## TASK OBJECTIVE
Among the entries below, please repeat exactly and only the lines from the line containing "define m where" to the line containing "unfolding m_def by (rule Min_le) auto", both lines included.

START LISTED ENTRIES

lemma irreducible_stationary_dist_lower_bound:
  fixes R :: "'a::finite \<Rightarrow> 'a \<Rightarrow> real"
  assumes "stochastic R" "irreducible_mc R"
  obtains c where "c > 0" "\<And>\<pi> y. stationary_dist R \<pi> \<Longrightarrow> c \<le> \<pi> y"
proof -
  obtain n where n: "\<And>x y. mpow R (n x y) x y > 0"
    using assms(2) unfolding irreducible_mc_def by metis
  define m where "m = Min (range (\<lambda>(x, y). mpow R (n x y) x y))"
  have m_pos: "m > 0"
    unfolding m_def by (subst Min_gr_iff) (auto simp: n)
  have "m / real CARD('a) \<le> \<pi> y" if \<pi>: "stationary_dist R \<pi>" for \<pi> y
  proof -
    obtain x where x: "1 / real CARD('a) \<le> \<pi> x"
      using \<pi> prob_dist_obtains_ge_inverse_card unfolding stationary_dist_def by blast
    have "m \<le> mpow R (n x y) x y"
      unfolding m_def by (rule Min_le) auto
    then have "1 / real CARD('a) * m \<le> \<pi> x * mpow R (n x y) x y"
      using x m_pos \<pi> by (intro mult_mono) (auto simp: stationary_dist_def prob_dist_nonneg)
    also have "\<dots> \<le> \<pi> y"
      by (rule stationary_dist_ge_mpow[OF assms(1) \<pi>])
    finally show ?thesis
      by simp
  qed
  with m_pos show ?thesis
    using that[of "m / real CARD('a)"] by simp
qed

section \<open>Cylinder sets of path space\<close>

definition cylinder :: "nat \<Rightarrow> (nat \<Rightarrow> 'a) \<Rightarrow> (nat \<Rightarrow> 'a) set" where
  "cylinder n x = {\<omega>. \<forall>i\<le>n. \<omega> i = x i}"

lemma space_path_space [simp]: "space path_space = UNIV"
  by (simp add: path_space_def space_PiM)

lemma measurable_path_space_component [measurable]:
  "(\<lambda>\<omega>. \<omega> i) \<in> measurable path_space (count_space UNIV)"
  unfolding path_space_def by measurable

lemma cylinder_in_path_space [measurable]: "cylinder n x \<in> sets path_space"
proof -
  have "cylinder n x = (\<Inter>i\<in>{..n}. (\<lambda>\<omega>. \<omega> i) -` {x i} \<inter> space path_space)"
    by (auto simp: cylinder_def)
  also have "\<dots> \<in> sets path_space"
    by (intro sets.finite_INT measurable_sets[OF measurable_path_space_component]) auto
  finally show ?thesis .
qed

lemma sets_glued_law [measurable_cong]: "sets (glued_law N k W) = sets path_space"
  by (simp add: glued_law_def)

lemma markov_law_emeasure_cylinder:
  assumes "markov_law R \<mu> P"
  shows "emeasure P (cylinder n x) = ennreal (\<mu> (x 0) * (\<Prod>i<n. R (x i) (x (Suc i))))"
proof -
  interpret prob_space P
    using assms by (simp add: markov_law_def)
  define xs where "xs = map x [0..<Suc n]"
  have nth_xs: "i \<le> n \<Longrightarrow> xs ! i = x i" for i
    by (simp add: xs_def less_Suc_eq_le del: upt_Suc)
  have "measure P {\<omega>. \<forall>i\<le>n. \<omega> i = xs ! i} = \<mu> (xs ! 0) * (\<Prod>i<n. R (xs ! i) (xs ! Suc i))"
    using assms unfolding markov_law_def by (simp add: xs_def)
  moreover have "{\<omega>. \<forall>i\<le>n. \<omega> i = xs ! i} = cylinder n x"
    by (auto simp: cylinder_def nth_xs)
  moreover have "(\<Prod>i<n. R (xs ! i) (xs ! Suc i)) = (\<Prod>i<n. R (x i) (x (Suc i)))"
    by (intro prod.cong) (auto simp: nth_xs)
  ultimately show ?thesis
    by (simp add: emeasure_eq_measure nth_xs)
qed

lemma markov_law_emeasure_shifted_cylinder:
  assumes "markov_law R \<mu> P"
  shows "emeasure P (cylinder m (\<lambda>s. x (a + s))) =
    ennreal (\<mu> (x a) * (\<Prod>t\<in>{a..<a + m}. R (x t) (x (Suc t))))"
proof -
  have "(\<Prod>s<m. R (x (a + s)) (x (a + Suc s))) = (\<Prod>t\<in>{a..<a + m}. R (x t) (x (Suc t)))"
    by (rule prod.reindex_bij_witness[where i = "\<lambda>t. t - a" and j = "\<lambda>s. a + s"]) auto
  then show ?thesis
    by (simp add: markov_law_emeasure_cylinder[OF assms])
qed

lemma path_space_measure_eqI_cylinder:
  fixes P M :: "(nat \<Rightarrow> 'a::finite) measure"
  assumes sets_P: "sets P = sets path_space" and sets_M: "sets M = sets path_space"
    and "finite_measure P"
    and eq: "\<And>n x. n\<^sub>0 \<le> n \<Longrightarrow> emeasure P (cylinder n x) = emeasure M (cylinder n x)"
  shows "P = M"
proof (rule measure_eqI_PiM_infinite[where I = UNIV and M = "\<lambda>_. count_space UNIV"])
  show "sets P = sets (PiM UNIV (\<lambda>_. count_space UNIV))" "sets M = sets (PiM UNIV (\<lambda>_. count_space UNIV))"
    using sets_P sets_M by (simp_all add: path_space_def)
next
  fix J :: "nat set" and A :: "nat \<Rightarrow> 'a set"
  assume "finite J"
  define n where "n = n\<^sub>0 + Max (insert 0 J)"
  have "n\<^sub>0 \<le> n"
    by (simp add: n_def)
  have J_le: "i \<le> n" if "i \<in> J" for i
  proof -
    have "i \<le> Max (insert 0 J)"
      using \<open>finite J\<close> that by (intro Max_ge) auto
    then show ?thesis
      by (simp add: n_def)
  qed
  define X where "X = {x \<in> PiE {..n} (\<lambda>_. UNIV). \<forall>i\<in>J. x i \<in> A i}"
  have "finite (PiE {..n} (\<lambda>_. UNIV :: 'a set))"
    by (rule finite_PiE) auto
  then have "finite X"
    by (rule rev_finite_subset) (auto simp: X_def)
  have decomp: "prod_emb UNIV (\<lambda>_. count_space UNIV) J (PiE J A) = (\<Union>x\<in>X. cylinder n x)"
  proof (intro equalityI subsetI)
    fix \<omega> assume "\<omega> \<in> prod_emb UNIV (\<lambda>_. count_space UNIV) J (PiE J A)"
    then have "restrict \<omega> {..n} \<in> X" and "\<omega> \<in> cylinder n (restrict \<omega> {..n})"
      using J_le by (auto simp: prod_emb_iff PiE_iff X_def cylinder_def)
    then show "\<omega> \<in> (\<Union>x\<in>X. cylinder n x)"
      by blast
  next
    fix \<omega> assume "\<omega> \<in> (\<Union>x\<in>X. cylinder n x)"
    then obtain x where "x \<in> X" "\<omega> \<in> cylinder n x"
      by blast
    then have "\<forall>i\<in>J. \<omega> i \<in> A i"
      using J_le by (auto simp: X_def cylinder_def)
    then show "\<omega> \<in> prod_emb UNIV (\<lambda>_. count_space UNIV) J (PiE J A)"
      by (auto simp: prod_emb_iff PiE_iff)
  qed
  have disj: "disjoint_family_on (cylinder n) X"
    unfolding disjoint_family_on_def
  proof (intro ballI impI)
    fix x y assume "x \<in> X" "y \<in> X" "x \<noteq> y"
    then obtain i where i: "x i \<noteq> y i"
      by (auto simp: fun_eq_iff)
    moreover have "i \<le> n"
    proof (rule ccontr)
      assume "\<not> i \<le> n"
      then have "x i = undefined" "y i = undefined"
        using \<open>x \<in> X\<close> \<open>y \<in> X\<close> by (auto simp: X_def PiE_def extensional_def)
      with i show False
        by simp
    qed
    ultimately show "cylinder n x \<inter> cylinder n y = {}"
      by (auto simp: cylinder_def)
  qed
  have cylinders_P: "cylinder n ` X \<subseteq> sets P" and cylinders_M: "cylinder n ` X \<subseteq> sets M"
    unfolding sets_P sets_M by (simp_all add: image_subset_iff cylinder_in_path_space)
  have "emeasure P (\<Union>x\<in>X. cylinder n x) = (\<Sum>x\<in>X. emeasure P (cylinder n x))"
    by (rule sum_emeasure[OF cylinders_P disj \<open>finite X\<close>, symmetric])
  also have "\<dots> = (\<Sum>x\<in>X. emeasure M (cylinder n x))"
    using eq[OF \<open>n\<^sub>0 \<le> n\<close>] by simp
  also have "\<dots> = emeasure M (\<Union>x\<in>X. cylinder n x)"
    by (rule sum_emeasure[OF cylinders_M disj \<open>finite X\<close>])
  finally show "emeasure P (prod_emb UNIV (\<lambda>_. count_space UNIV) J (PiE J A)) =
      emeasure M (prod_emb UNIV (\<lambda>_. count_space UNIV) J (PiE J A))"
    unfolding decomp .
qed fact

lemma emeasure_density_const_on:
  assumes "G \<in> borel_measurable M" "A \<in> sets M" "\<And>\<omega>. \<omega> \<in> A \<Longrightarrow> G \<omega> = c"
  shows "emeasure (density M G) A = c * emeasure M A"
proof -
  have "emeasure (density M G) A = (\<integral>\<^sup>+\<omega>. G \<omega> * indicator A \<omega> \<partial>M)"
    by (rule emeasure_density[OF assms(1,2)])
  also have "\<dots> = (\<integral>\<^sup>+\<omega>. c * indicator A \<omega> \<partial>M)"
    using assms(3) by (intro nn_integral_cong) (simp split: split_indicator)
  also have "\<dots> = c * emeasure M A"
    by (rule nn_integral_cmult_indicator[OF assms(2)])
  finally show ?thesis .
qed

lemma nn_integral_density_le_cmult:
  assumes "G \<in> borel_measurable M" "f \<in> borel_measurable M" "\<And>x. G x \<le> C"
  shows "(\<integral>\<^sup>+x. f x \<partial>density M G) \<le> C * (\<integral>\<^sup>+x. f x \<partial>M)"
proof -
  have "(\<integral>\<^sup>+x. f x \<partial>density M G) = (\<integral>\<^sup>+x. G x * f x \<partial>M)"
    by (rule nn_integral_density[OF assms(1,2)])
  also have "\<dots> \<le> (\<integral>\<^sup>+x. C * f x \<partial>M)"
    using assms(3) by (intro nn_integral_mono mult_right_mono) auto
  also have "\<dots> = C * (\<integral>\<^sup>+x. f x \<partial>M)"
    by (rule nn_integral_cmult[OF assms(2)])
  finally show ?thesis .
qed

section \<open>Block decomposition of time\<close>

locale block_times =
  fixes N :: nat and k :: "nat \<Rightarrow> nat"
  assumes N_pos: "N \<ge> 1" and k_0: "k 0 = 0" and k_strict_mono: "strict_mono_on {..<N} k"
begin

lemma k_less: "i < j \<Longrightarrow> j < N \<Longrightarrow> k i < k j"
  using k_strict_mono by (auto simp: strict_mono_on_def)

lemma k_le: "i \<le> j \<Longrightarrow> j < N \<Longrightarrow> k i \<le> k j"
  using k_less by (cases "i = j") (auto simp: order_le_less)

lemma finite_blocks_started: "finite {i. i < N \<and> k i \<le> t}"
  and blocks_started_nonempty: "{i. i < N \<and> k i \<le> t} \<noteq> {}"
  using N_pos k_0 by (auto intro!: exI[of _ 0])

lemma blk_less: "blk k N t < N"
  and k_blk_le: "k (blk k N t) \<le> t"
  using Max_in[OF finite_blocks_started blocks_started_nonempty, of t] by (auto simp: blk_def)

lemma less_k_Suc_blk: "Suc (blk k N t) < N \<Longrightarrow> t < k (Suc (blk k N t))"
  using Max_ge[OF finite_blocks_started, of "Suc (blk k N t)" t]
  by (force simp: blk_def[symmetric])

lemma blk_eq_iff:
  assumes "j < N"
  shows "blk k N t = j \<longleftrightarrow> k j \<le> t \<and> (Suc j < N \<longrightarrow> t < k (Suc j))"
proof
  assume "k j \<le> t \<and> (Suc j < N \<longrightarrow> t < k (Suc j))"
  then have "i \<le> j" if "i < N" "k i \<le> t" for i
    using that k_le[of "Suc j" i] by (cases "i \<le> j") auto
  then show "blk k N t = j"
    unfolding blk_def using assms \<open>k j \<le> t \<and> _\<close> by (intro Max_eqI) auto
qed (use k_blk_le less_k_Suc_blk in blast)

END LISTED ENTRIES

## SOLUTION FOR THIS TASK
  define m where "m = Min (range (\<lambda>(x, y). mpow R (n x y) x y))"
  have m_pos: "m > 0"
    unfolding m_def by (subst Min_gr_iff) (auto simp: n)
  have "m / real CARD('a) \<le> \<pi> y" if \<pi>: "stationary_dist R \<pi>" for \<pi> y
  proof -
    obtain x where x: "1 / real CARD('a) \<le> \<pi> x"
      using \<pi> prob_dist_obtains_ge_inverse_card unfolding stationary_dist_def by blast
    have "m \<le> mpow R (n x y) x y"
      unfolding m_def by (rule Min_le) auto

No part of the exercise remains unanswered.